%%
lemma quasi_wajsberg_star_subalgebra:
  assumes "quasi_wajsberg_star A" "B \<subseteq> car A" "closed_alg (A\<lparr>car := B\<rparr>)"
  shows "quasi_wajsberg_star (A\<lparr>car := B\<rparr>)"
proof -
  have jn: "jn (A\<lparr>car := B\<rparr>) = jn A"
    by (intro ext) (simp add: jn_def)
  show ?thesis
    using assms unfolding quasi_wajsberg_star_def Let_def
    by (simp (no_asm) add: jn) (meson subsetD)
qed

lemma wajsberg_starI_quasi:
  assumes "quasi_wajsberg_star A"
    and "\<And>x y. x \<in> car A \<Longrightarrow> y \<in> car A \<Longrightarrow> imp A (imp A y y) x = x"
    and "\<And>x. x \<in> car A \<Longrightarrow> pl A x = imp A (imp A x (unit A)) (unit A)"
    and "\<And>x. x \<in> car A \<Longrightarrow> mi A x = imp A (imp A x (ng A (unit A))) (ng A (unit A))"
  shows "wajsberg_star A"
  using assms unfolding wajsberg_star_def Let_def quasi_wajsberg_star_def by meson

(* An isomorphic copy of A in the type 'a set, as required for the Wajsberg* factor. *)
definition singleton_alg :: "'a qalg \<Rightarrow> 'a set qalg" where
  "singleton_alg A = \<lparr> car = (\<lambda>a. {a}) ` car A,
     imp = (\<lambda>X Y. {imp A (the_elem X) (the_elem Y)}),
     ng = (\<lambda>X. {ng A (the_elem X)}),
     pl = (\<lambda>X. {pl A (the_elem X)}),
     mi = (\<lambda>X. {mi A (the_elem X)}),
     unit = {unit A} \<rparr>"

lemma is_hom_singleton_alg: "is_hom (\<lambda>x. {x}) A (singleton_alg A)"
  unfolding is_hom_def singleton_alg_def by simp

lemma wajsberg_star_singleton_alg:
  assumes "wajsberg_star A"
  shows "wajsberg_star (singleton_alg A)"
proof -
  have ops: "car (singleton_alg A) = (\<lambda>a. {a}) ` car A"
    "imp (singleton_alg A) {a} {b} = {imp A a b}" "ng (singleton_alg A) {a} = {ng A a}"
    "pl (singleton_alg A) {a} = {pl A a}" "mi (singleton_alg A) {a} = {mi A a}"
    "unit (singleton_alg A) = {unit A}" "jn (singleton_alg A) {a} {b} = {jn A a b}" for a b
    by (simp_all add: jn_def singleton_alg_def)
  have singleton_mem: "{a} \<in> (\<lambda>a. {a}) ` B \<longleftrightarrow> a \<in> B" for a :: 'a and B
    by auto
  show ?thesis
    using assms unfolding wajsberg_star_def closed_alg_def Let_def
    by (simp (no_asm) add: ops singleton_mem) meson
qed

definition collapse :: "'a set \<Rightarrow> 'a \<Rightarrow> 'a set" where
  "collapse R x = (if x \<in> R then R else {x})"

lemma collapse_eq_iff: "collapse R x = collapse R y \<longleftrightarrow> x \<in> R \<and> y \<in> R \<or> x = y"
  unfolding collapse_def by auto

definition collapse_alg :: "'a qalg \<Rightarrow> 'a set \<Rightarrow> 'a set qalg" where
  "collapse_alg A R = \<lparr> car = collapse R ` car A,
     imp = (\<lambda>_ _. R),
     ng = (\<lambda>X. if X = R then R else {ng A (the_elem X)}),
     pl = (\<lambda>_. R),
     mi = (\<lambda>_. R),
     unit = R \<rparr>"

lemma ng_collapse_alg:
  assumes "ng A x \<in> R \<longleftrightarrow> x \<in> R"
  shows "ng (collapse_alg A R) (collapse R x) = collapse R (ng A x)"
  using assms unfolding collapse_alg_def collapse_def by auto

lemma strong_flat_qws_collapse_alg:
  assumes closed: "closed_alg A" and "unit A \<in> R"
    and ng_ng: "\<And>x. x \<in> car A \<Longrightarrow> ng A (ng A x) = x"
    and ng_R: "\<And>x. x \<in> car A \<Longrightarrow> ng A x \<in> R \<longleftrightarrow> x \<in> R"
  shows "strong_qws (collapse_alg A R)" and "flat_qws (collapse_alg A R)"
proof -
  define F where "F = collapse_alg A R"
  have ops: "car F = collapse R ` car A" "imp F X Y = R" "pl F X = R" "mi F X = R"
    "unit F = R" "jn F X Y = R" "ng F R = R" for X Y
    by (simp_all add: F_def collapse_alg_def jn_def)
  have ng: "ng F (collapse R x) = collapse R (ng A x)" if "x \<in> car A" for x
    unfolding F_def using ng_R[OF that] by (rule ng_collapse_alg)
  have ng_closed: "ng A x \<in> car A" if "x \<in> car A" for x
    using closed that by (simp add: closed_alg_def)
  have "collapse R (unit A) = R"
    using assms(2) by (simp add: collapse_def)
  then have "closed_alg F"
    using closed by (auto simp: closed_alg_def ops ng ng_closed)
  moreover have "ng F (ng F X) = X" if "X \<in> car F" for X
    using that ng ng_ng ng_closed by (auto simp: ops)
  ultimately have "quasi_wajsberg_star F"
    unfolding quasi_wajsberg_star_def Let_def by (simp add: ops)
  then show "strong_qws (collapse_alg A R)" and "flat_qws (collapse_alg A R)"
    unfolding F_def[symmetric] by (simp_all add: strong_qws_def flat_qws_def ops)
qed

lemma is_hom_collapse:
  assumes "unit A \<in> R"
    and "\<And>x y. x \<in> car A \<Longrightarrow> y \<in> car A \<Longrightarrow> imp A x y \<in> R"
    and "\<And>x. x \<in> car A \<Longrightarrow> pl A x \<in> R" "\<And>x. x \<in> car A \<Longrightarrow> mi A x \<in> R"
    and "\<And>x. x \<in> car A \<Longrightarrow> ng A x \<in> R \<longleftrightarrow> x \<in> R"
  shows "is_hom (collapse R) A (collapse_alg A R)"
  using assms unfolding is_hom_def
  by (simp add: ng_collapse_alg) (simp add: collapse_alg_def collapse_def)

locale strong_qws_alg =
  fixes S :: "'a qalg"
  assumes strong_qws: "strong_qws S"
begin

abbreviation imp_S (infixr "\<rightarrow>" 65) where "x \<rightarrow> y \<equiv> imp S x y"
abbreviation ng_S ("\<sim>_" [80] 80) where "\<sim>x \<equiv> ng S x"
abbreviation unit_S ("\<one>") where "\<one> \<equiv> unit S"

definition regular :: "'a set" where
  "regular = {x \<in> car S. (\<one> \<rightarrow> \<one>) \<rightarrow> x = x}"

lemma quasi_wajsberg_star: "quasi_wajsberg_star S"
  using strong_qws by (simp add: strong_qws_def)

lemma closed_alg: "closed_alg S"
  using quasi_wajsberg_star by (simp add: quasi_wajsberg_star_def)

lemma unit_closed: "\<one> \<in> car S"
  and imp_closed: "x \<in> car S \<Longrightarrow> y \<in> car S \<Longrightarrow> x \<rightarrow> y \<in> car S"
  and ng_closed: "x \<in> car S \<Longrightarrow> \<sim>x \<in> car S"
  and pl_closed: "x \<in> car S \<Longrightarrow> pl S x \<in> car S"
  and mi_closed: "x \<in> car S \<Longrightarrow> mi S x \<in> car S"
  using closed_alg by (simp_all add: closed_alg_def)

lemmas identities = quasi_wajsberg_starD[OF quasi_wajsberg_star]

lemma ng_ng: "x \<in> car S \<Longrightarrow> \<sim>\<sim>x = x"
  using identities(11)[of x x x] .

lemma pl_prefix: "x \<in> car S \<Longrightarrow> (\<one> \<rightarrow> \<one>) \<rightarrow> pl S x = pl S x"
  and mi_prefix: "x \<in> car S \<Longrightarrow> (\<one> \<rightarrow> \<one>) \<rightarrow> mi S x = mi S x"
  using strong_qws by (simp_all add: strong_qws_def)

lemma imp_regular: "x \<in> car S \<Longrightarrow> y \<in> car S \<Longrightarrow> x \<rightarrow> y \<in> regular"
  using identities(4)[of x y \<one>] by (simp add: regular_def imp_closed unit_closed)

lemma unit_regular: "\<one> \<in> regular"
  using identities(3)[of \<one> \<one> \<one>] by (simp add: regular_def unit_closed)

lemma pl_regular: "x \<in> car S \<Longrightarrow> pl S x \<in> regular"
  and mi_regular: "x \<in> car S \<Longrightarrow> mi S x \<in> regular"
  by (simp_all add: regular_def pl_prefix mi_prefix pl_closed mi_closed)

lemma regular_subset: "regular \<subseteq> car S"
  by (auto simp: regular_def)

lemma regular_absorb: "x \<in> regular \<Longrightarrow> y \<in> car S \<Longrightarrow> (y \<rightarrow> y) \<rightarrow> x = x"
  using identities(4)[of "\<one> \<rightarrow> \<one>" x y] by (simp add: regular_def imp_closed unit_closed)

lemma regularize_ng:
  assumes "x \<in> car S"
  shows "(\<one> \<rightarrow> \<one>) \<rightarrow> \<sim>x = \<sim>((\<one> \<rightarrow> \<one>) \<rightarrow> x)"
proof -
  have "(\<one> \<rightarrow> \<one>) \<rightarrow> \<sim>x = \<sim>\<sim>x \<rightarrow> \<sim>(\<one> \<rightarrow> \<one>)"
    using identities(1)[of "\<one> \<rightarrow> \<one>" "\<sim>x" x] assms by (simp add: imp_closed ng_closed unit_closed)
  also have "\<dots> = x \<rightarrow> (\<one> \<rightarrow> \<one>)"
    using identities(10)[of \<one> \<one> \<one>] assms by (simp add: ng_ng unit_closed)
  also have "\<dots> = \<sim>((\<one> \<rightarrow> \<one>) \<rightarrow> x)"
    using identities(10)[of "\<one> \<rightarrow> \<one>" x x] assms by (simp add: imp_closed unit_closed)
  finally show ?thesis .
qed

lemma ng_regular_iff:
  assumes "x \<in> car S"
  shows "\<sim>x \<in> regular \<longleftrightarrow> x \<in> regular"
proof -
  have ng_regular: "\<sim>x \<in> regular" if "x \<in> regular" for x
    using that regularize_ng[of x] by (simp add: regular_def ng_closed)
  show ?thesis
    using ng_regular[of "\<sim>x"] ng_regular ng_ng[OF assms] by auto
qed

lemma pl_regularize: "x \<in> car S \<Longrightarrow> pl S ((\<one> \<rightarrow> \<one>) \<rightarrow> x) = pl S x"
  and mi_regularize: "x \<in> car S \<Longrightarrow> mi S ((\<one> \<rightarrow> \<one>) \<rightarrow> x) = mi S x"
  using identities(5,7)[of x x x] pl_prefix mi_prefix by simp_all

(* Axiom (6) writes both sides in terms of x^+, x^-, y^+ and y^-, which regularization fixes. *)
lemma regularize_imp:
  assumes "x \<in> car S" "y \<in> car S"
  shows "((\<one> \<rightarrow> \<one>) \<rightarrow> x) \<rightarrow> ((\<one> \<rightarrow> \<one>) \<rightarrow> y) = x \<rightarrow> y"
  using identities(9)[OF assms assms(1)] identities(9)[of "(\<one> \<rightarrow> \<one>) \<rightarrow> x" "(\<one> \<rightarrow> \<one>) \<rightarrow> y" x]
  by (simp add: assms pl_regularize mi_regularize imp_closed unit_closed)

lemma pl_eq: "x \<in> car S \<Longrightarrow> pl S x = (x \<rightarrow> \<one>) \<rightarrow> \<one>"
  and mi_eq: "x \<in> car S \<Longrightarrow> mi S x = (x \<rightarrow> \<sim>\<one>) \<rightarrow> \<sim>\<one>"
  using identities(6,8)[of x x x] pl_regularize mi_regularize by simp_all

lemma regularize_hom: "is_hom (\<lambda>x. (\<one> \<rightarrow> \<one>) \<rightarrow> x) S (S\<lparr>car := regular\<rparr>)"
  unfolding is_hom_def
  using imp_regular unit_regular regularize_imp regularize_ng pl_regularize mi_regularize
    pl_prefix mi_prefix
  by (simp add: regular_def unit_closed imp_closed)

lemma wajsberg_star_regular: "wajsberg_star (S\<lparr>car := regular\<rparr>)"
proof -
  define M where "M = S\<lparr>car := regular\<rparr>"
  have "closed_alg M"
    using regular_subset unfolding M_def
    by (auto simp: closed_alg_def unit_regular ng_regular_iff intro!: imp_regular pl_regular mi_regular)
  then have "quasi_wajsberg_star M"
    unfolding M_def using quasi_wajsberg_star_subalgebra quasi_wajsberg_star regular_subset by blast
  moreover have "imp M (imp M y y) x = x" if "x \<in> car M" "y \<in> car M" for x y
    using that regular_absorb regular_subset by (auto simp: M_def)
  moreover have "pl M x = imp M (imp M x (unit M)) (unit M)"
    and "mi M x = imp M (imp M x (ng M (unit M))) (ng M (unit M))" if "x \<in> car M" for x
    using that pl_eq mi_eq regular_subset by (auto simp: M_def)
  ultimately show ?thesis
    unfolding M_def[symmetric] by (rule wajsberg_starI_quasi)
qed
%%
# Task brief
Your output should be the listing's lines, exact and complete, from its first line to the line that contains "B\<rparr>) = jn", inclusive.

# Response below
lemma quasi_wajsberg_star_subalgebra:
  assumes "quasi_wajsberg_star A" "B \<subseteq> car A" "closed_alg (A\<lparr>car := B\<rparr>)"
  shows "quasi_wajsberg_star (A\<lparr>car := B\<rparr>)"
proof -
  have jn: "jn (A\<lparr>car := B\<rparr>) = jn A"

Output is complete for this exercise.